Drug Education, Counseling and Testing Program
Student-Athlete Consent Form
Appendix F
I,____________________________________________, hereby acknowledge that I have received a copy of, read and been given the opportunity to ask questions regarding the Drug Education, Counseling and Testing Program implemented for the Department of Intercollegiate Athletics at Aurora University. I understand the policies, procedures and my responsibilities as described in such policy.
As a condition to my participation in intercollegiate athletics at Aurora University, I consent to participate in the Drug Education, Counseling and Testing Program. I understand that my participation in this program includes the collection and testing of my urine at various times during academic year for drugs, alcohol, and/or other banned substances. Note: No medical exception review is available for substances in the class of street drugs, including but not limited to Medical Marijuana. This extends to states that have legalized marijuana for medical use.
I further consent to the release of the results of any drug test to the Director of Athletics or his/her designee, Assistant Director of Athletics, my Head Coach, the Head Athletic Trainer and/or Assistant Athletic Trainers, Team Physician, Office of Student Life, and/or my parent(s) or guardian(s). I acknowledge and understand that a copy of this consent form may be sent to my parent(s) or guardian(s) along with a copy of the Drug/Alcohol Education & Testing Program. To the extent set forth in this document, I waive any privilege I may have in connection with such information.

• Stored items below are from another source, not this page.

(* Let $m\ge 1$, $P,Q\ge 0$ be integers with $N=P+Q\ge1$, let $D$, $F_1,\ldots,F_m$, $\mathcal{E}$, $d$ and $G_F:\mathcal{E}\to\mathcal{E}$ be as described in the context, and assume that the state network of $G_F$ is strongly connected. Then the set of periodic points of $G_F$ is dense in the metric space $(\mathcal{E},d)$; that is, for every $E\in\mathcal{E}$ and every $\varepsilon>0$ there exist $E'\in\mathcal{E}$ and $k\ge1$ with $G_F^k(E')=E'$ and $d(E,E')<\varepsilon$.
   Context: Let $D=\{k\,2^{-Q}: k=0,1,\ldots,2^N-1\}$ be the set of $N$-bit fixed-point numbers; each $x\in D$ is written in binary as $x=x_{P-1}x_{P-2}\ldots x_0.x_{-1}\ldots x_{-Q}$ with digits $x_j\in\{0,1\}$. For $x,y\in D$ let $x\cdot y$, $x+y$ and $\overline{x}$ denote bitwise AND, bitwise OR and bitwise NOT (complement of every one of the $N$ digits), which are again elements of $D$. Let $F_1,\ldots,F_m:D^m\to D$ be arbitrary functions. Let $\Sigma$ be the set of one-sided infinite sequences $w=w^1w^2\ldots$ with $w^k\in D$, and $\sigma:\Sigma\to\Sigma$ the left shift $\sigma(w)=w^2w^3\ldots$. Let $\mathcal{E}=\Sigma^m\times D^m$, with elements $E=((w_1,\ldots,w_m),(x_1,\ldots,x_m))$. Define $G_F:\mathcal{E}\to\mathcal{E}$ by $G_F((w_1,\ldots,w_m),x)=((\sigma(w_1),\ldots,\sigma(w_m)),(H_1,\ldots,H_m))$, where $x=(x_1,\ldots,x_m)$ and $H_i=(x_i\cdot\overline{w_i^1})+(F_i(x)\cdot w_i^1)$ (i.e. bit $j$ of $x_i$ is replaced by bit $j$ of $F_i(x)$ exactly when bit $j$ of $w_i^1$ is $1$). The metric on $\mathcal{E}$ is $d(E,\hat E)=\sum_{i=1}^m\sum_{k=1}^\infty \frac{|w_i^k-\hat w_i^k|}{2^{Nk}}+\sqrt{\sum_{i=1}^m (x_i-\hat x_i)^2}$. The state network of $G_F$ is the directed graph whose vertex set is $D^m$, with an edge from $\hat x$ to $\tilde x$ whenever there is some $(w_1,\ldots,w_m)\in\Sigma^m$ such that the $D^m$-component of $G_F((w_1,\ldots,w_m),\hat x)$ equals $\tilde x$. It is strongly connected if every vertex is reachable from every other vertex by a directed path. *)

theory Defs
  imports Complex_Main
begin

definition fxD :: "nat \<Rightarrow> nat \<Rightarrow> real set" where
  "fxD P Q = {real k / 2 ^ Q | k. k < 2 ^ (P + Q)}"

text \<open>The integer code k of x = k 2^-Q; bit j of x (j = -Q..P-1) is bit (j+Q) of k.\<close>
definition fxcode :: "nat \<Rightarrow> real \<Rightarrow> nat" where
  "fxcode Q x = nat \<lfloor>x * 2 ^ Q\<rfloor>"

definition fxand :: "nat \<Rightarrow> real \<Rightarrow> real \<Rightarrow> real" where
  "fxand Q x y = real (Bit_Operations.and (fxcode Q x) (fxcode Q y)) / 2 ^ Q"

definition fxor :: "nat \<Rightarrow> real \<Rightarrow> real \<Rightarrow> real" where
  "fxor Q x y = real (Bit_Operations.or (fxcode Q x) (fxcode Q y)) / 2 ^ Q"

definition fxnot :: "nat \<Rightarrow> nat \<Rightarrow> real \<Rightarrow> real" where
  "fxnot P Q x = real (2 ^ (P + Q) - 1 - fxcode Q x) / 2 ^ Q"

text \<open>D^m: tuples indexed by i < m, zero outside (normalisation).\<close>
definition fxDm :: "nat \<Rightarrow> nat \<Rightarrow> nat \<Rightarrow> (nat \<Rightarrow> real) set" where
  "fxDm P Q m = {x. (\<forall>i<m. x i \<in> fxD P Q) \<and> (\<forall>i\<ge>m. x i = 0)}"

text \<open>The phase space \<E> = \<Sigma>^m \<times> D^m. W i k is w_i^(k+1); components i \<ge> m are zero.\<close>
definition phase :: "nat \<Rightarrow> nat \<Rightarrow> nat \<Rightarrow> ((nat \<Rightarrow> nat \<Rightarrow> real) \<times> (nat \<Rightarrow> real)) set" where
  "phase P Q m = {(W, x). (\<forall>i<m. \<forall>k. W i k \<in> fxD P Q) \<and> (\<forall>i\<ge>m. W i = (\<lambda>_. 0))
                         \<and> x \<in> fxDm P Q m}"

definition GF :: "nat \<Rightarrow> nat \<Rightarrow> nat \<Rightarrow> (nat \<Rightarrow> (nat \<Rightarrow> real) \<Rightarrow> real)
   \<Rightarrow> (nat \<Rightarrow> nat \<Rightarrow> real) \<times> (nat \<Rightarrow> real) \<Rightarrow> (nat \<Rightarrow> nat \<Rightarrow> real) \<times> (nat \<Rightarrow> real)" where
  "GF P Q m F E = (let W = fst E; x = snd E in
     ((\<lambda>i k. W i (Suc k)),
      (\<lambda>i. if i < m then fxor Q (fxand Q (x i) (fxnot P Q (W i 0))) (fxand Q (F i x) (W i 0))
           else 0)))"

definition dE :: "nat \<Rightarrow> nat \<Rightarrow> nat \<Rightarrow> (nat \<Rightarrow> nat \<Rightarrow> real) \<times> (nat \<Rightarrow> real)
   \<Rightarrow> (nat \<Rightarrow> nat \<Rightarrow> real) \<times> (nat \<Rightarrow> real) \<Rightarrow> real" where
  "dE P Q m E E' =
     (\<Sum>i<m. \<Sum>k. \<bar>fst E i k - fst E' i k\<bar> / 2 ^ ((P + Q) * Suc k))
     + sqrt (\<Sum>i<m. (snd E i - snd E' i)\<^sup>2)"

definition state_edges :: "nat \<Rightarrow> nat \<Rightarrow> nat \<Rightarrow> (nat \<Rightarrow> (nat \<Rightarrow> real) \<Rightarrow> real)
   \<Rightarrow> ((nat \<Rightarrow> real) \<times> (nat \<Rightarrow> real)) set" where
  "state_edges P Q m F = {(a, b). a \<in> fxDm P Q m \<and> b \<in> fxDm P Q m \<and>
      (\<exists>W. (W, a) \<in> phase P Q m \<and> snd (GF P Q m F (W, a)) = b)}"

I fully understand that the Aurora University Drug Education, Counseling and Testing Program is separate and distinct from the NCAA drug-testing program and its sanctions; however, I also understand that sanctions may be imposed by Aurora University under Drug Education, Counseling and Testing Program upon a positive result under the NCAA drug-testing program.
Notwithstanding anything to the contrary in the policy, I fully understand that I may be suspended from competition and/or practice by the team physician if credible evidence suggests that such competition and/or practice poses a health and safety risk to me, my teammates, and/or my competitors.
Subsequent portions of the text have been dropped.